State republicans blow up unions, “woke up” historic markers | Information, sports activities, jobs

With prominent strikes underway and more threats across the country, Republicans in Harrisburg are trying to effectively weaken the unions, in one case by amending the state constitution.

Legislators have proposed several bills over the past two weeks that would put unions – particularly public sector unions – on the defensive. The move comes as the Democrats in Congress work to include their own labor law reforms on President Joe Biden’s legislative agenda.
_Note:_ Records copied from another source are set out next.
lemma smooth_fun_continuous: "smooth_fun f \<Longrightarrow> continuous_on UNIV f"
  by (rule differentiable_imp_continuous_on[OF smooth_fun_differentiable])

lemma smooth_fun_lipschitz_on_convex_compact:
  fixes f :: "'a::euclidean_space \<Rightarrow> real"
  assumes f: "smooth_fun f" and S: "convex S" "compact S"
  obtains L where "L-lipschitz_on S f"
proof -
  define F where "F x = frechet_derivative f (at x)" for x
  have der: "(f has_derivative F x) (at x)" for x
    using smooth_fun_differentiable[OF f]
    by (simp add: F_def differentiable_on_def frechet_derivative_works[symmetric])
  have "continuous_on S (\<lambda>x. \<Sum>b\<in>Basis. \<bar>F x b\<bar>)"
    using smooth_fun_continuous[OF smooth_fun_partial[OF f]] unfolding F_def
    by (intro continuous_intros) (auto intro: continuous_on_subset)
  then obtain L where L: "0 \<le> L" "\<And>x. x \<in> S \<Longrightarrow> norm (\<Sum>b\<in>Basis. \<bar>F x b\<bar>) \<le> L"
    using continuous_on_compact_bound[OF S(2)] by blast
  have "onorm (F x) \<le> L" if "x \<in> S" for x
  proof -
    have "onorm (F x) \<le> (\<Sum>b\<in>Basis. \<bar>F x b\<bar>)"
      using onorm_componentwise[OF has_derivative_bounded_linear[OF der[of x]]] by simp
    also have "\<dots> \<le> L" using L(2)[OF that] by simp
    finally show ?thesis .
  qed
  then have "dist (f x) (f y) \<le> L * dist x y" if "x \<in> S" "y \<in> S" for x y
    using differentiable_bound[OF S(1) has_derivative_at_withinI[OF der] _ that]
    by (simp add: dist_norm)
  with L(1) show ?thesis by (intro that lipschitz_onI) auto
qed
(* Let $K\ge1$ be fixed, $\boldsymbol{\beta}_0\in\mathbb{R}^K$, and for each $n>K$ let the $n\times K$ design matrix $\mathbf{X}$ with rows $\mathbf{x}_i$ satisfy $\mathbf{X}^t\mathbf{X}=n\mathbf{I}$, $\sum_{i=1}^n x_{i,k}=0$ for each $k$, and $\max_{1\le i\le n}\|\mathbf{x}_i\|/\sqrt n\to0$. Suppose $Y_i=\mathbf{x}_i^t\boldsymbol{\beta}_0+\varepsilon_i$ with $\varepsilon_i$ independent, $\mathbb{E}(\varepsilon_i)=0$, $\mathbb{E}(\varepsilon_i^2)=\sigma_0^2>0$, $\mathbb{E}(\varepsilon_i^4)\le M<\infty$. Consider the rescaled spike and slab model with $\lambda_n=n$, and priors $\pi,\mu$ such that $\pi\{\gamma_k\ge\eta_0\}=1$ for some $\eta_0>0$ and every $k$, and $\mu\{\sigma^2\le s_0^2\}=1$ for some $0<s_0^2<\infty$. Let $C_n\to\infty$ be any positive increasing sequence with $C_n/\sqrt n\to0$ and let $\widehat{\mathcal{M}}_n=\mathcal{M}_n(C_n)$. Then $\widehat{\mathcal{M}}_n\to\mathcal{M}_0$ in probability.
   Context: $\mathbf{Y}=(Y_1,\dots,Y_n)^t$, OLS $\widehat{\boldsymbol{\beta}}_n^\circ=(\mathbf{X}^t\mathbf{X})^{-1}\mathbf{X}^t\mathbf{Y}$, $\widehat\sigma_n^2=\|\mathbf{Y}-\mathbf{X}\widehat{\boldsymbol{\beta}}_n^\circ\|^2/(n-K)$. Rescaled spike and slab model: $Y_i^*=\widehat\sigma_n^{-1}n^{1/2}Y_i$, and as data $\mathbf{Y}^*$ is modeled by $(Y_i^*\mid\boldsymbol{\beta},\sigma^2)$ independent $N(\mathbf{x}_i^t\boldsymbol{\beta},\sigma^2\lambda_n)$, $(\boldsymbol{\beta}\mid\boldsymbol{\gamma})\sim N(\mathbf{0},\mathrm{diag}(\gamma_1,\dots,\gamma_K))$, $\boldsymbol{\gamma}\sim\pi$, $\sigma^2\sim\mu$, with $\pi\{\gamma_k>0\}=1$, $\mu\{\sigma^2>0\}=1$. $\widehat{\boldsymbol{\beta}}_n^*=(\widehat\beta_{1,n}^*,\dots,\widehat\beta_{K,n}^* )^t$ is the posterior mean of $\boldsymbol{\beta}$ given $\mathbf{Y}^*$. $\mathcal{M}_0=(\mathbb{I}\{\beta_{1,0}\ne0\},\dots,\mathbb{I}\{\beta_{K,0}\ne0\})^t$ and, for $C>0$, $\mathcal{M}_n(C)=(\mathbb{I}\{|\widehat\beta_{1,n}^*|\ge C\},\dots,\mathbb{I}\{|\widehat\beta_{K,n}^*|\ge C\})^t$. *)

theory Defs
  imports "HOL-Probability.Probability"
begin

text \<open>Design: for sample size n, the rows are x n 0, ..., x n (n-1), each in real^'k
  (K = CARD('k)). Data vectors y are functions nat => real, used on indices below n.\<close>

definition gram :: "(nat \<Rightarrow> real^'k) \<Rightarrow> nat \<Rightarrow> real^'k^'k" where
  "gram x n = (\<chi> j l. \<Sum>i<n. x i $ j * x i $ l)"

definition ols :: "(nat \<Rightarrow> real^'k) \<Rightarrow> nat \<Rightarrow> (nat \<Rightarrow> real) \<Rightarrow> real^'k" where
  "ols x n y = matrix_inv (gram x n) *v (\<chi> j. \<Sum>i<n. x i $ j * y i)"

definition sigma_hat_sq :: "(nat \<Rightarrow> real^'k) \<Rightarrow> nat \<Rightarrow> (nat \<Rightarrow> real) \<Rightarrow> real" where
  "sigma_hat_sq x n y = (\<Sum>i<n. (y i - x i \<bullet> ols x n y)\<^sup>2) / (real n - real CARD('k))"

definition rescaled :: "(nat \<Rightarrow> real^'k) \<Rightarrow> nat \<Rightarrow> (nat \<Rightarrow> real) \<Rightarrow> nat \<Rightarrow> real" where
  "rescaled x n y i = sqrt (real n) / sqrt (sigma_hat_sq x n y) * y i"

definition ss_lik :: "(nat \<Rightarrow> real^'k) \<Rightarrow> nat \<Rightarrow> real \<Rightarrow> (nat \<Rightarrow> real) \<Rightarrow> real^'k \<Rightarrow> real \<Rightarrow> real" where
  "ss_lik x n lam y b s = (\<Prod>i<n. normal_density (x i \<bullet> b) (sqrt (s * lam)) (y i))"

definition slab_dens :: "real^'k \<Rightarrow> real^'k \<Rightarrow> real" where
  "slab_dens g b = (\<Prod>k\<in>UNIV. normal_density 0 (sqrt (g $ k)) (b $ k))"

text \<open>Posterior mean of beta given data y, in the model
  (y_i | beta, sigma^2) ~ N(x_i^t beta, sigma^2 lam) independent,
  (beta | gamma) ~ N(0, diag gamma), gamma ~ pi, sigma^2 ~ mu (independent priors),
  computed by Bayes' formula.\<close>
definition post_mean ::
  "(real^'k) measure \<Rightarrow> real measure \<Rightarrow> real \<Rightarrow> (nat \<Rightarrow> real^'k) \<Rightarrow> nat \<Rightarrow> (nat \<Rightarrow> real) \<Rightarrow> real^'k"
  where
  "post_mean pr mu lam x n y =
     (\<chi> k. (\<integral>gs. (\<integral>b. b $ k * ss_lik x n lam y b (snd gs) * slab_dens (fst gs) b \<partial>lborel) \<partial>(pr \<Otimes>\<^sub>M mu))
          / (\<integral>gs. (\<integral>b. ss_lik x n lam y b (snd gs) * slab_dens (fst gs) b \<partial>lborel) \<partial>(pr \<Otimes>\<^sub>M mu)))"

definition model_hat :: "real^'k \<Rightarrow> real \<Rightarrow> 'k \<Rightarrow> bool" where
  "model_hat bhat C = (\<lambda>k. \<bar>bhat $ k\<bar> \<ge> C)"

definition model_true :: "real^'k \<Rightarrow> 'k \<Rightarrow> bool" where
  "model_true b0 = (\<lambda>k. b0 $ k \<noteq> 0)"

end

theory Submission
  imports Defs
begin

(* For an orthogonal design (X^t X = n I) and lambda_n = n the likelihood of the rescaled data
   factorises over the coordinates of beta around the OLS estimate m* = X^t Y* / n, and each
   N(0, gamma_k) slab is conjugate to its factor.  Hence the posterior mean is m*_k times the
   posterior average of the shrinkage factor gamma_k / (gamma_k + sigma^2), which the prior support
   confines to [eta0 / (eta0 + s0^2), 1].  Here m*_k = sqrt n (beta_{0,k} + u_k) / sigma-hat_n
   with u = X^t eps / n.  On the event that sum eps_i^2 is within n sigma0^2 / 2 of its mean and
   every n u_k^2 is small compared with sigma0^2 C_n^2 and with n beta_{0,k}^2, the estimate
   sigma-hat_n^2 lies in (sigma0^2 / 4, 3 sigma0^2); then |m*_k| stays below C_n when
   beta_{0,k} = 0 and is of order sqrt n >> C_n otherwise.  Chebyshev's inequality (with fourth
   moments for sum eps_i^2) bounds the probability of the complementary event by
   O(1 / n + 1 / C_n^2). *)

section \<open>Orthogonal designs\<close>

definition ols_orth :: "(nat \<Rightarrow> real^'k) \<Rightarrow> nat \<Rightarrow> (nat \<Rightarrow> real) \<Rightarrow> real^'k" where
  "ols_orth X n y = (\<chi> j. (\<Sum>i<n. X i $ j * y i) / real n)"

definition rss :: "(nat \<Rightarrow> real^'k) \<Rightarrow> nat \<Rightarrow> (nat \<Rightarrow> real) \<Rightarrow> real" where
  "rss X n y = (\<Sum>i<n. (y i - X i \<bullet> ols_orth X n y)\<^sup>2)"

lemma gram_eq_scaled_id_entry:
  assumes "gram X n = real n *\<^sub>R mat 1"
  shows "(\<Sum>i<n. X i $ j * X i $ l) = (if j = l then real n else 0)"
  using arg_cong[OF assms, of "\<lambda>A. A $ j $ l"] by (simp add: gram_def mat_def)

lemma sum_mult_inner_eq_ols_orth:
  assumes "n > 0"
  shows "(\<Sum>i<n. y i * (X i \<bullet> v)) = real n * (ols_orth X n y \<bullet> v)"
proof -
  have "(\<Sum>i<n. y i * (X i \<bullet> v)) = (\<Sum>j\<in>UNIV. (\<Sum>i<n. X i $ j * y i) * v $ j)"
    unfolding inner_vec_def sum_distrib_left sum_distrib_right by (subst sum.swap) (simp add: mult_ac)
  also have "\<dots> = real n * (ols_orth X n y \<bullet> v)"
    using assms by (simp add: ols_orth_def inner_vec_def sum_distrib_left)
  finally show ?thesis .
qed

lemma ols_orth_design:
  assumes "gram X n = real n *\<^sub>R mat 1" "n > 0"
  shows "ols_orth X n (\<lambda>i. X i \<bullet> b) = b"
proof -
  have "(\<Sum>i<n. X i $ j * (X i \<bullet> b)) = (\<Sum>l\<in>UNIV. b $ l * (\<Sum>i<n. X i $ j * X i $ l))" for j
    unfolding inner_vec_def sum_distrib_left by (subst sum.swap) (simp add: mult_ac)
  then show ?thesis
    using assms by (simp add: ols_orth_def vec_eq_iff gram_eq_scaled_id_entry if_distrib cong: if_cong)
qed

lemma ols_orth_add: "ols_orth X n (\<lambda>i. f i + g i) = ols_orth X n f + ols_orth X n g"
  by (simp add: ols_orth_def vec_eq_iff sum.distrib algebra_simps add_divide_distrib)

lemma ols_orth_scale: "ols_orth X n (\<lambda>i. c * f i) = c *\<^sub>R ols_orth X n f"
  by (simp add: ols_orth_def vec_eq_iff sum_distrib_left mult_ac)

lemma ols_eq_ols_orth:
  assumes "gram X n = real n *\<^sub>R mat 1" "n > 0"
  shows "ols X n y = ols_orth X n y"
proof -
  let ?A = "real n *\<^sub>R (mat 1 :: real^'k^'k)" and ?B = "(1 / real n) *\<^sub>R (mat 1 :: real^'k^'k)"
  have inv: "?A ** ?B = mat 1" "?B ** ?A = mat 1"
    using assms(2) by (simp_all add: matrix_scalar_ac)
  have "?A ** matrix_inv ?A = mat 1"
    unfolding matrix_inv_def by (rule someI2[of _ ?B]) (use inv in auto)
  then have "matrix_inv ?A = (?B ** ?A) ** matrix_inv ?A"
    by (simp add: inv(2))
  also have "\<dots> = ?B"
    by (simp only: matrix_mul_assoc[symmetric] \<open>?A ** matrix_inv ?A = mat 1\<close> matrix_mul_rid)
  finally have inv_A: "matrix_inv ?A = ?B" .
  have "ols X n y = (1 / real n) *\<^sub>R (\<chi> j. \<Sum>i<n. X i $ j * y i)"
    unfolding ols_def assms(1) inv_A
    by (simp only: scaleR_matrix_vector_assoc[symmetric] matrix_vector_mul_lid)
  then show ?thesis
    by (simp add: ols_orth_def vec_eq_iff)
qed

lemma sum_sq_resid_expand:
  assumes "gram X n = real n *\<^sub>R mat 1" "n > 0"
  shows "(\<Sum>i<n. (y i - X i \<bullet> b)\<^sup>2)
       = (\<Sum>i<n. (y i)\<^sup>2) - 2 * real n * (ols_orth X n y \<bullet> b) + real n * (b \<bullet> b)"
proof -
  have "(\<Sum>i<n. (X i \<bullet> b)\<^sup>2) = real n * (ols_orth X n (\<lambda>i. X i \<bullet> b) \<bullet> b)"
    using sum_mult_inner_eq_ols_orth[OF assms(2)] by (simp add: power2_eq_square)
  then have "(\<Sum>i<n. (X i \<bullet> b)\<^sup>2) = real n * (b \<bullet> b)"
    by (simp add: ols_orth_design[OF assms])
  moreover have "(\<Sum>i<n. (y i - X i \<bullet> b)\<^sup>2)
      = (\<Sum>i<n. (y i)\<^sup>2) - 2 * (\<Sum>i<n. y i * (X i \<bullet> b)) + (\<Sum>i<n. (X i \<bullet> b)\<^sup>2)"
    by (simp add: power2_diff sum.distrib sum_subtractf sum_distrib_left algebra_simps)
  ultimately show ?thesis
    by (simp add: sum_mult_inner_eq_ols_orth[OF assms(2)])
qed

lemma rss_eq:
  assumes "gram X n = real n *\<^sub>R mat 1" "n > 0"
  shows "rss X n y = (\<Sum>i<n. (y i)\<^sup>2) - real n * (ols_orth X n y \<bullet> ols_orth X n y)"
  unfolding rss_def sum_sq_resid_expand[OF assms] by simp

lemma sum_sq_resid_decomp:
  assumes "gram X n = real n *\<^sub>R mat 1" "n > 0"
  shows "(\<Sum>i<n. (y i - X i \<bullet> b)\<^sup>2) = rss X n y + real n * (\<Sum>j\<in>UNIV. (b $ j - ols_orth X n y $ j)\<^sup>2)"
  unfolding sum_sq_resid_expand[OF assms] rss_eq[OF assms]
  by (simp add: inner_vec_def power2_diff sum.distrib sum_subtractf sum_distrib_left algebra_simps
      power2_eq_square)

lemma rss_add_design:
  assumes "gram X n = real n *\<^sub>R mat 1" "n > 0"
  shows "rss X n (\<lambda>i. X i \<bullet> b + e i) = rss X n e"
  by (simp add: rss_def ols_orth_add ols_orth_design[OF assms] inner_add_right)

lemma rss_scale: "rss X n (\<lambda>i. c * y i) = c\<^sup>2 * rss X n y"
  by (simp add: rss_def ols_orth_scale sum_distrib_left power_mult_distrib[symmetric] right_diff_distrib)

lemma sigma_hat_sq_eq_rss:
  fixes X :: "nat \<Rightarrow> real^'k"
  assumes "gram X n = real n *\<^sub>R mat 1" "n > 0"
  shows "sigma_hat_sq X n y = rss X n y / (real n - real CARD('k))"
  by (simp add: sigma_hat_sq_def rss_def ols_eq_ols_orth[OF assms])

lemma inner_self_less_of_components:
  fixes w :: "real^'k"
  assumes "\<And>j. (w $ j)\<^sup>2 < \<delta> j" "\<And>j. \<delta> j \<le> c / real CARD('k)"
  shows "w \<bullet> w < c"
proof -
  have "w \<bullet> w < (\<Sum>j\<in>(UNIV :: 'k set). c / real CARD('k))"
    unfolding inner_vec_def inner_real_def
    by (rule sum_strict_mono) (use assms in \<open>auto simp: power2_eq_square intro: less_le_trans\<close>)
  then show ?thesis
    by simp
qed

section \<open>Gaussian integrals\<close>

lemma integral_lborel_prod_Basis:
  fixes f :: "'a::euclidean_space \<Rightarrow> real \<Rightarrow> real"
  assumes int: "\<And>b. b \<in> Basis \<Longrightarrow> integrable lborel (f b)"
  shows "(\<integral>x. (\<Prod>b\<in>Basis. f b (x \<bullet> b)) \<partial>lborel) = (\<Prod>b\<in>Basis. \<integral>t. f b t \<partial>lborel)"
proof -
  interpret product_sigma_finite "\<lambda>_. lborel :: real measure" by standard
  let ?T = "\<lambda>F. \<Sum>b\<in>(Basis::'a set). F b *\<^sub>R b"
  have [measurable]: "b \<in> Basis \<Longrightarrow> f b \<in> borel_measurable borel" for b
    using int by (simp add: borel_measurable_integrable)
  have T: "?T \<in> measurable (\<Pi>\<^sub>M b\<in>Basis. lborel) borel"
    by measurable
  have meas: "(\<lambda>x::'a. \<Prod>b\<in>Basis. f b (x \<bullet> b)) \<in> borel_measurable borel"
    by measurable
  have "(\<Prod>b\<in>Basis. f b (?T F \<bullet> b)) = (\<Prod>b\<in>Basis. f b (F b))" for F
    by (intro prod.cong refl) (simp add: inner_sum_left inner_Basis if_distrib cong: if_cong)
  then have "(\<integral>x. (\<Prod>b\<in>Basis. f b (x \<bullet> b)) \<partial>lborel) = (\<integral>F. (\<Prod>b\<in>Basis. f b (F b)) \<partial>(\<Pi>\<^sub>M b\<in>Basis. lborel))"
    by (subst lborel_eq) (simp add: integral_distr[OF T meas])
  also have "\<dots> = (\<Prod>b\<in>Basis. \<integral>t. f b t \<partial>lborel)"
    by (rule product_integral_prod) (auto intro: int)
  finally show ?thesis .
qed
lemma sum_mt_apply:
  assumes "module s" and z: "z \<in> carrier G"
  shows "(\<Sum>x\<in>carrier G. scf (scf s) (c x) (mt (M x) (inv x \<otimes> z, f0))) (y, f2) (a, b) =
    (if y \<in> carrier G \<and> f2 = f0 then s (c (z \<otimes> inv y)) (M (z \<otimes> inv y) (a, b)) else 0)"
proof -
  have "(\<Sum>x\<in>carrier G. scf (scf s) (c x) (mt (M x) (inv x \<otimes> z, f0))) (y, f2) (a, b) =
      (\<Sum>x\<in>carrier G. if x = z \<otimes> inv y then
        (if y \<in> carrier G \<and> f2 = f0 then s (c x) (M x (a, b)) else 0) else 0)"
    unfolding sum_fun_apply
    by (intro sum.cong refl)
      (use eq_inv_mult_iff[OF _ z] assms(1) in \<open>auto simp: mt_def module.scale_zero_right\<close>)
  also have "\<dots> = (if y \<in> carrier G \<and> f2 = f0 then s (c (z \<otimes> inv y)) (M (z \<otimes> inv y) (a, b)) else 0)"
    using finite_carrier z by (auto simp: sum.delta')
  finally show ?thesis .
qed

end

section \<open>The stabiliser coalgebra and its comodules\<close>

lemma cocycle_action_of_matched_pair:
  assumes "matched_pair G F lt rt" and "cocycles G F lt rt \<sigma> \<tau>"
  shows "cocycle_action G lt (carrier F) \<tau>"
  using assms unfolding matched_pair_def cocycles_def cocycle_action_def cocycle_action_axioms_def
  by auto

locale stab_comodule = cocycle_action G lt Fc \<tau> + V: vector_space scale
  for G :: "('g, 'a) monoid_scheme" (structure) and lt Fc
    and \<tau> :: "'g \<Rightarrow> 'g \<Rightarrow> 'f \<Rightarrow> 'k::field" and scale :: "'k \<Rightarrow> 'v::ab_group_add \<Rightarrow> 'v" +
  fixes f :: 'f and \<rho> :: "'v \<Rightarrow> 'g \<Rightarrow> 'v"
  assumes f_in: "f \<in> Fc"
    and comodule: "right_comodule scale UNIV (stab G lt f) (C_Delta G lt \<tau> f) (C_eps G) \<rho>"
begin

abbreviation "Gf \<equiv> stab G lt f"

lemma stab_subset: "Gf \<subseteq> carrier G"
  by (auto simp: stab_def)

lemma stab_carrier: "g \<in> Gf \<Longrightarrow> g \<in> carrier G"
  by (simp add: stab_def)

lemma lt_stab: "g \<in> Gf \<Longrightarrow> lt g f = f"
  by (simp add: stab_def)

lemma stab_subgroup: "subgroup Gf G"
proof
  show "Gf \<subseteq> carrier G" by (rule stab_subset)
  show "\<one> \<in> Gf" using f_in by (auto simp: stab_def lt_one)
  fix x y assume "x \<in> Gf" "y \<in> Gf"
  then show "x \<otimes> y \<in> Gf" using f_in by (auto simp: stab_def lt_mult)
next
  fix x assume "x \<in> Gf"
  then show "inv x \<in> Gf"
    using f_in lt_inv_eq[of x f f] by (auto simp: stab_def)
qed

lemma one_in_stab: "\<one> \<in> Gf"
  using stab_subgroup by (rule subgroup.one_closed)

lemma inv_in_stab: "g \<in> Gf \<Longrightarrow> inv g \<in> Gf"
  using stab_subgroup by (rule subgroup.m_inv_closed)

lemma finite_stab: "finite Gf"
  using finite_carrier stab_subset by (rule finite_subset[rotated])

lemma stab_mult_left_iff: "b \<in> Gf \<Longrightarrow> a \<in> carrier G \<Longrightarrow> a \<otimes> b \<in> Gf \<longleftrightarrow> a \<in> Gf"
  using stab_subgroup stab_subset
  by (metis inv_solve_right subgroup.m_closed subgroup.m_inv_closed subsetD)

lemma stab_mult_right_iff: "a \<in> Gf \<Longrightarrow> b \<in> carrier G \<Longrightarrow> a \<otimes> b \<in> Gf \<longleftrightarrow> b \<in> Gf"
  using stab_subgroup stab_subset
  by (metis inv_solve_left subgroup.m_closed subgroup.m_inv_closed subsetD)

lemma rho_add: "\<rho> (x + y) = (\<lambda>c. \<rho> x c + \<rho> y c)"
  using comodule by (simp add: right_comodule_def)

lemma rho_scale: "\<rho> (scale a x) = (\<lambda>c. scale a (\<rho> x c))"
  using comodule by (simp add: right_comodule_def)

lemma rho_zero: "\<rho> 0 = (\<lambda>c. 0)"
  using rho_scale[of 0 0] by simp

lemma finite_fsupp_rho: "finite (fsupp (\<rho> x))" and fsupp_rho: "fsupp (\<rho> x) \<subseteq> Gf"
  using comodule by (auto simp: right_comodule_def)

lemma C_Delta_apply:
  "C_Delta G lt \<tau> f c (a, b) = (if b \<in> Gf \<and> a = c \<otimes> inv b then \<tau> a b f else 0)"
proof -
  have "C_Delta G lt \<tau> f c (a, b) =
      (\<Sum>x\<in>Gf. if x = b then (if a = c \<otimes> inv b then \<tau> a b f else 0) else 0)"
    unfolding C_Delta_def sum_fun_apply
    by (intro sum.cong) (auto simp: sc_def tensor_def pb_def)
  also have "\<dots> = (if b \<in> Gf \<and> a = c \<otimes> inv b then \<tau> a b f else 0)"
    using finite_stab by (simp add: sum.delta')
  finally show ?thesis .
qed

lemma rho_counit: "\<rho> x \<one> = x"
proof -
  have "(\<Sum>c\<in>fsupp (\<rho> x). scale (C_eps G c) (\<rho> x c)) = x"
    using comodule by (simp add: right_comodule_def)
  moreover have "(\<Sum>c\<in>fsupp (\<rho> x). scale (C_eps G c) (\<rho> x c)) = \<rho> x \<one>"
  proof (cases "\<one> \<in> fsupp (\<rho> x)")
    case True
    then show ?thesis
      using finite_fsupp_rho
      by (simp add: C_eps_def if_distrib[of "\<lambda>a. scale a _"] sum.delta' cong: if_cong)
  next
    case False
    then show ?thesis
      by (auto simp: C_eps_def fsupp_def intro!: sum.neutral)
  qed
  ultimately show ?thesis by simp
qed
lemma ef_position_extend:
  assumes exp: "\<forall>g::'a::ab_group_add. nsmul p g = 0" and "prime p"
    and B: "subgrp B" "C \<subseteq> B" and "finite C"
    and pos: "ef_position p C (Suc n) A B V e e'" and "a \<in> A"
  shows "\<exists>b\<in>B. ef_position p (C::'a set) n A B (insert x V) (e(x := a)) (e'(x := b))"
proof -
  have "0 < p"
    using \<open>prime p\<close> prime_gt_0_nat by blast
  from pos have V: "finite V" "eqs_agree e e' V C" "e ` V \<subseteq> A" "e' ` V \<subseteq> B"
    and ample: "ample p C (card V + Suc n) A" "ample p C (card V + Suc n) B"
    unfolding ef_position_def by auto
  have "ample p C (card V) B"
    using ample_mono[OF ample(2) _ \<open>0 < p\<close>] by simp
  then obtain b where "b \<in> B" "eqs_agree (e(x := a)) (e'(x := b)) (insert x V) C"
    using eqs_agree_extend[OF exp \<open>prime p\<close> V(2,1) \<open>finite C\<close> B V(4)] by blast
  moreover have "card (insert x V) + n \<le> card V + Suc n"
    using V(1) by (simp add: card_insert_if)
  moreover have "e(x := a) ` insert x V \<subseteq> A" "e'(x := b) ` insert x V \<subseteq> B"
    using V(3,4) \<open>a \<in> A\<close> \<open>b \<in> B\<close> by auto
  ultimately show ?thesis
    using V(1) ample_mono[OF ample(1) _ \<open>0 < p\<close>] ample_mono[OF ample(2) _ \<open>0 < p\<close>]
    unfolding ef_position_def by blast
qed

lemma ef_position_back_and_forth:
  assumes exp: "\<forall>g::'a::ab_group_add. nsmul p g = 0" and "prime p"
    and A: "subgrp A" "C \<subseteq> A" and B: "subgrp B" "C \<subseteq> B" and "finite (C::'a set)"
    and pos: "ef_position p C (Suc n) A B V e e'"
  shows "\<forall>a\<in>A. \<exists>b\<in>B. ef_position p C n A B (insert x V) (e(x := a)) (e'(x := b))"
    and "\<forall>b\<in>B. \<exists>a\<in>A. ef_position p C n A B (insert x V) (e(x := a)) (e'(x := b))"
proof -
  show "\<forall>a\<in>A. \<exists>b\<in>B. ef_position p C n A B (insert x V) (e(x := a)) (e'(x := b))"
    using ef_position_extend[OF exp \<open>prime p\<close> B \<open>finite C\<close> pos] by blast
  have "\<forall>b\<in>B. \<exists>a\<in>A. ef_position p C n B A (insert x V) (e'(x := b)) (e(x := a))"
    using ef_position_extend[OF exp \<open>prime p\<close> A \<open>finite C\<close> ef_position_sym[OF pos]] by blast
  then show "\<forall>b\<in>B. \<exists>a\<in>A. ef_position p C n A B (insert x V) (e(x := a)) (e'(x := b))"
    by (meson ef_position_sym)
qed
On Monday, State MP Torren Ecker, R-New Oxford, told his colleagues that he would propose a constitutional amendment that would preventively prohibit so-called card controls. The change – which would have to be passed in two consecutive sessions before a public referendum can be passed – would require that all union elections be held by secret ballot.

“Just as citizens want elections to be free, fair and anonymous, workers who vote in company elections deserve the same right.” said Ecker.

Under current federal law, a percentage of workers who want to organize must collect signed IDs. Your employer has the option of recognizing the union immediately or applying for a secret ballot controlled by the government.

For decades, union activists have been pushing for a return to the old card control system, where workers could gain instant recognition by submitting enough signed cards. Full elections, on the other hand, are often delayed, giving employers time to run their own anti-union campaigns.

Other House bills could weaken the unions that represent public service workers.

One from Rep. Ryan Mackenzie, R-Lower Macungie Township, would prohibit the deduction of optional political donations from unions from government employees’ paychecks. Another from MP Kate Klunk, R-Hannover, demanded that state employees be regularly reminded of their right not to pay union dues even though they are represented at the negotiating table by unions.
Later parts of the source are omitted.